» How to complete this task: The required response is the number of lines in the entries that include the word "definition", with nothing added.

» Records:
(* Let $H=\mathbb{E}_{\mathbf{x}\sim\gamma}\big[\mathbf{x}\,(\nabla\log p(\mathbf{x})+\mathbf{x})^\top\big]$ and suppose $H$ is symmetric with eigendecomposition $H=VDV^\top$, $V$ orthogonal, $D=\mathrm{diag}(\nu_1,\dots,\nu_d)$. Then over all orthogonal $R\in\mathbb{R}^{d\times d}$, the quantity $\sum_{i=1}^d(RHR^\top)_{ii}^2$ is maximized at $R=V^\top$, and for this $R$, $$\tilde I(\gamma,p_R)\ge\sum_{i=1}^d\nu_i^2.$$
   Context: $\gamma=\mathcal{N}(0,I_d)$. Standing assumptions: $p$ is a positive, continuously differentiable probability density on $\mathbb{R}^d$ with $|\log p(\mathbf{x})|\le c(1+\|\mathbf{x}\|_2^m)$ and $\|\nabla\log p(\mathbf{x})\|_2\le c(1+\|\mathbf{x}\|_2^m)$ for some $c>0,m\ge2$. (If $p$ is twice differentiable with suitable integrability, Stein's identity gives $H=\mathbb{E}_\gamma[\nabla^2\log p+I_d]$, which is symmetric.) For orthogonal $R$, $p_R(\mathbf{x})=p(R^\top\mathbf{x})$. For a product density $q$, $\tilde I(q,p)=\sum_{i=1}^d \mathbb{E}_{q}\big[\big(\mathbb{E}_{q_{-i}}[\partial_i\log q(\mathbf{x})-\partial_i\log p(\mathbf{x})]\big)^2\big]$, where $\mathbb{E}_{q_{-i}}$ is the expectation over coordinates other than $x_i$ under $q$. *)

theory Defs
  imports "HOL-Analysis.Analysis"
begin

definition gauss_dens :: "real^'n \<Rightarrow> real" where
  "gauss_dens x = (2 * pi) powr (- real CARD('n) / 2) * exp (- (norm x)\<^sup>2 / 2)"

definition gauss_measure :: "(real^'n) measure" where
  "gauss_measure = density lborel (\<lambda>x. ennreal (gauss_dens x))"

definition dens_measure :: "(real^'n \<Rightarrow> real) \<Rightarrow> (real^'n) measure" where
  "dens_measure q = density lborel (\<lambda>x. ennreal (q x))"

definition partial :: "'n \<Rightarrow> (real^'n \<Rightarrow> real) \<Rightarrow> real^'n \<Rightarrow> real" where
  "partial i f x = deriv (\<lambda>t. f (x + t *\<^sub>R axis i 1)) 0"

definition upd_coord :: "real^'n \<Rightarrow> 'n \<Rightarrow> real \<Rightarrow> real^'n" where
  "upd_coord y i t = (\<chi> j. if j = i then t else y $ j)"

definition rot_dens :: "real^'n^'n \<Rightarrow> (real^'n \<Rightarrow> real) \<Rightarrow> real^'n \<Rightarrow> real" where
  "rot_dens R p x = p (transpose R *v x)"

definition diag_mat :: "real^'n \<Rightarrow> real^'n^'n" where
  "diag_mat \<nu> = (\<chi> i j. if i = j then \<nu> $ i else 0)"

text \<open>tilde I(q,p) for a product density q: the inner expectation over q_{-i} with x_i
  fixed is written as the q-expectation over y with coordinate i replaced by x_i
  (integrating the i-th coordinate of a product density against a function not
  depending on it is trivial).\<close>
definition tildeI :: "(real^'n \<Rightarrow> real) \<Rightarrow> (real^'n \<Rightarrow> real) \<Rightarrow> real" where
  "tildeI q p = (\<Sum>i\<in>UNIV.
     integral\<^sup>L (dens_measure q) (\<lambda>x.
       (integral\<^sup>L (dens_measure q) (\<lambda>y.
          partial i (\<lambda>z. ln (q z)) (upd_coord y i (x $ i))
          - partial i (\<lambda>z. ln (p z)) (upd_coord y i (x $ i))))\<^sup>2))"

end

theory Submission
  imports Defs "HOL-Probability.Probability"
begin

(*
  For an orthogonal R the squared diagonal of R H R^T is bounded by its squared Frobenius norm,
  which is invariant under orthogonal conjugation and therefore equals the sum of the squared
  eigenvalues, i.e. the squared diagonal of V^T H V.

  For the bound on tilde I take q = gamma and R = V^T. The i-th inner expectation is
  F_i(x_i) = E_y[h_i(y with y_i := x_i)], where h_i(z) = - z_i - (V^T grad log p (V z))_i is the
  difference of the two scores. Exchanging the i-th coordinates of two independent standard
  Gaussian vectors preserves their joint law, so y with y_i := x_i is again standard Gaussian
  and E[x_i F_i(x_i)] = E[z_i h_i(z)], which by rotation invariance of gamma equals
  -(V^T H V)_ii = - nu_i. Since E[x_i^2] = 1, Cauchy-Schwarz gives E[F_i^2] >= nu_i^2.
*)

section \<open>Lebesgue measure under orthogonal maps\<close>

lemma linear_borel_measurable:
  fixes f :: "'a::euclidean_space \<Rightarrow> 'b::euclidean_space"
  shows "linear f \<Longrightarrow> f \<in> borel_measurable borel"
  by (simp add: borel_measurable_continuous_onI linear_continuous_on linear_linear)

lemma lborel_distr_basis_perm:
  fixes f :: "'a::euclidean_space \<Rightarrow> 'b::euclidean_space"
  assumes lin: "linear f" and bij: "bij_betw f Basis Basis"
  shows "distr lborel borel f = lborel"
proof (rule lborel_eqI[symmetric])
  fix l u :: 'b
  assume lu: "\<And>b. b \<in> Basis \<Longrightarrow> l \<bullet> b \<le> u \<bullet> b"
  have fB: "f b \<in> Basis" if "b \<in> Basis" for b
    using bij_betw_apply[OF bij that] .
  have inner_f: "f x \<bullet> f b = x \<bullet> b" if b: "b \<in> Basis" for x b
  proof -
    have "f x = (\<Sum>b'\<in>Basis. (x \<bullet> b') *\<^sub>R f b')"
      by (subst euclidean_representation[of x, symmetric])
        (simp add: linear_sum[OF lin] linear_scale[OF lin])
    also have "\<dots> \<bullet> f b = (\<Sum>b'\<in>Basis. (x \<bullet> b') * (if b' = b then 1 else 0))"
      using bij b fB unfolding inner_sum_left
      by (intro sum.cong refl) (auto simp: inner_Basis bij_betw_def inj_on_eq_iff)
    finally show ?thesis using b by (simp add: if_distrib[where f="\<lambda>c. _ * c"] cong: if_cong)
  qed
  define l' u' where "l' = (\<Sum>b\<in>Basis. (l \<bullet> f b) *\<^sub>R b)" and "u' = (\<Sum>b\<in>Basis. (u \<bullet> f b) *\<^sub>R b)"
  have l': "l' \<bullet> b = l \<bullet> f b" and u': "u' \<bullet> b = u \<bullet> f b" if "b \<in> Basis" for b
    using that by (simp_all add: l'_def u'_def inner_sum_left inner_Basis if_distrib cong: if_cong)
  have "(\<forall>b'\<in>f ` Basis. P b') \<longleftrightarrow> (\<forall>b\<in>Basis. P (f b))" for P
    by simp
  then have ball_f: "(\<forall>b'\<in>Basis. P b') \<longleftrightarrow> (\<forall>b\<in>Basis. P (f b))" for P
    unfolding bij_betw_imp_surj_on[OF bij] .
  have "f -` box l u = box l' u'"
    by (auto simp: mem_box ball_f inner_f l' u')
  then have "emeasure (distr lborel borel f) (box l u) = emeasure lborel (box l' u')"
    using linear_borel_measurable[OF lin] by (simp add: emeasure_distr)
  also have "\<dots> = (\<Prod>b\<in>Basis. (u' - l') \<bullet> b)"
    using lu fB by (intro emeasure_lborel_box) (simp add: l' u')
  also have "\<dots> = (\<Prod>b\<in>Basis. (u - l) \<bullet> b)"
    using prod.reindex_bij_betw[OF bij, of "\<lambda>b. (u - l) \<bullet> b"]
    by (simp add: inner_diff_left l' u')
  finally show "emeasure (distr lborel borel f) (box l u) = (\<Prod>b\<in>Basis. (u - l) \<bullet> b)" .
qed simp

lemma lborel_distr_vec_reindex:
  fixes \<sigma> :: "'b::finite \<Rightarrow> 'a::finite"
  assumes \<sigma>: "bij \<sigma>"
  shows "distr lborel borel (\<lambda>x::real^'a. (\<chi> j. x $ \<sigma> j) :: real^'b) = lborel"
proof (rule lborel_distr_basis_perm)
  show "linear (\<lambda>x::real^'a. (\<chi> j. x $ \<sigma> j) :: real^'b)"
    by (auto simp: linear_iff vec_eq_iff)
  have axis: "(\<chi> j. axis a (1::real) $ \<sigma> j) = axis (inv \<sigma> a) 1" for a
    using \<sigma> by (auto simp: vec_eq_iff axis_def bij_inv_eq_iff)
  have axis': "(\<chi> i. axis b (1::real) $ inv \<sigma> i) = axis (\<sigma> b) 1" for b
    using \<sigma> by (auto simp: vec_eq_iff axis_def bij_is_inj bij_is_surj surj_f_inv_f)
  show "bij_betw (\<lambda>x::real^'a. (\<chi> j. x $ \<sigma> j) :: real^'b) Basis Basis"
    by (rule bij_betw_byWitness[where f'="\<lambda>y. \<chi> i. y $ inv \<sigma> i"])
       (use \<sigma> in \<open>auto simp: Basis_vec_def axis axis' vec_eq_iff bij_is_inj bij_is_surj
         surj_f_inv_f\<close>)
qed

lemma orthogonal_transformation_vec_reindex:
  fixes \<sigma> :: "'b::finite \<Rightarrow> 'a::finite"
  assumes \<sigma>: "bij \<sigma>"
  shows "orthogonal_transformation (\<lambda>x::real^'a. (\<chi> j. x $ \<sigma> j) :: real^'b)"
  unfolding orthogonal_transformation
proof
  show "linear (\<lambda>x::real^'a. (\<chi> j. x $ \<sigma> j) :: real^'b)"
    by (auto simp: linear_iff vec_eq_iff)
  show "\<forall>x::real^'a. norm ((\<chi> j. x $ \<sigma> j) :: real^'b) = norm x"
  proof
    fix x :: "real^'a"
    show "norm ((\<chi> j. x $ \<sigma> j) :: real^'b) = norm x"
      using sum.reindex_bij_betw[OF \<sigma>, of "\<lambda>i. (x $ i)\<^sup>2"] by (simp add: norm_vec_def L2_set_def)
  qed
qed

---

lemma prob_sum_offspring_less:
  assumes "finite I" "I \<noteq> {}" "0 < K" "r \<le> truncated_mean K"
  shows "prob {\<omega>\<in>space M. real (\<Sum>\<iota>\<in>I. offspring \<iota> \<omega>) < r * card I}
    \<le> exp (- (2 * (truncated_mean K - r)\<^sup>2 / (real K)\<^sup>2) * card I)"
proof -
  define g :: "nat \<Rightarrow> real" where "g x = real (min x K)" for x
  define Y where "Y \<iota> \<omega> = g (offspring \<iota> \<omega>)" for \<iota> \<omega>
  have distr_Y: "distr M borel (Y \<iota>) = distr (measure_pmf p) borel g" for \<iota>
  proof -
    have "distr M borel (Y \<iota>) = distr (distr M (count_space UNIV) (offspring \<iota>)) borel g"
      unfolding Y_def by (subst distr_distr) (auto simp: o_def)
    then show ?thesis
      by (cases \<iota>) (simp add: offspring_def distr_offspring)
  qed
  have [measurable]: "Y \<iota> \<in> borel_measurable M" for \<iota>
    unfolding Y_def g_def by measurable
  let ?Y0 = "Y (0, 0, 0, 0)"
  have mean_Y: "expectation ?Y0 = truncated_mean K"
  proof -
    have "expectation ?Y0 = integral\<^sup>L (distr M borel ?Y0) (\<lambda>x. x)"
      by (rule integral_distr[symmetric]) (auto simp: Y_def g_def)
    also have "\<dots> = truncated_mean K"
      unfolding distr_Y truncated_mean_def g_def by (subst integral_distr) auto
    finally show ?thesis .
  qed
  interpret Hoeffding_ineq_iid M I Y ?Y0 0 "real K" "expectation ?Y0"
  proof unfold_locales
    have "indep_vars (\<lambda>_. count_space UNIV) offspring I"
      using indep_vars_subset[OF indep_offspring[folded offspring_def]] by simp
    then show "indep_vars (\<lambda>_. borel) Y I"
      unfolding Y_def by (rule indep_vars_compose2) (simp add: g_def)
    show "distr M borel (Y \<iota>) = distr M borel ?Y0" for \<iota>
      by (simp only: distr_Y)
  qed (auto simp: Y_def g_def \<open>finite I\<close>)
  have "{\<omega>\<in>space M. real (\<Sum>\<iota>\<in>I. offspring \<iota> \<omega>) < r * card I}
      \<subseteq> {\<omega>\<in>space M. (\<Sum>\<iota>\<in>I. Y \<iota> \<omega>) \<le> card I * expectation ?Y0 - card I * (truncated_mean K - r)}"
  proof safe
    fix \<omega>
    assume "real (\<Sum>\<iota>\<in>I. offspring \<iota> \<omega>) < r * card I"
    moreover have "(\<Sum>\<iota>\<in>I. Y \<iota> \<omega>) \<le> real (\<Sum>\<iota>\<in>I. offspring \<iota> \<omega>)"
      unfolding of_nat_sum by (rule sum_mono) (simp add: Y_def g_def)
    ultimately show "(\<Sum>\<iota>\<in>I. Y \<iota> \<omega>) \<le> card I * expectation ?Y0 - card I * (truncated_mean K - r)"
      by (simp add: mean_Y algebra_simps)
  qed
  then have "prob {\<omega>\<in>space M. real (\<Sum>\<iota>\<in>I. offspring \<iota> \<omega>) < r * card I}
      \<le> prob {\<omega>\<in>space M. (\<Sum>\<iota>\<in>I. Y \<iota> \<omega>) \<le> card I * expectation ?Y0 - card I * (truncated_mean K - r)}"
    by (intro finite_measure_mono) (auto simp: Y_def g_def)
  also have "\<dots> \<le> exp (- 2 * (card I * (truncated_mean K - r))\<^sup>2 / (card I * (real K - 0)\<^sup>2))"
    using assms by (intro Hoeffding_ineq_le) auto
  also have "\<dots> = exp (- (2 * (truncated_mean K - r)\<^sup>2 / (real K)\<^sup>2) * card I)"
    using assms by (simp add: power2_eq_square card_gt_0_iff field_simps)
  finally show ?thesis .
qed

» Output below: 8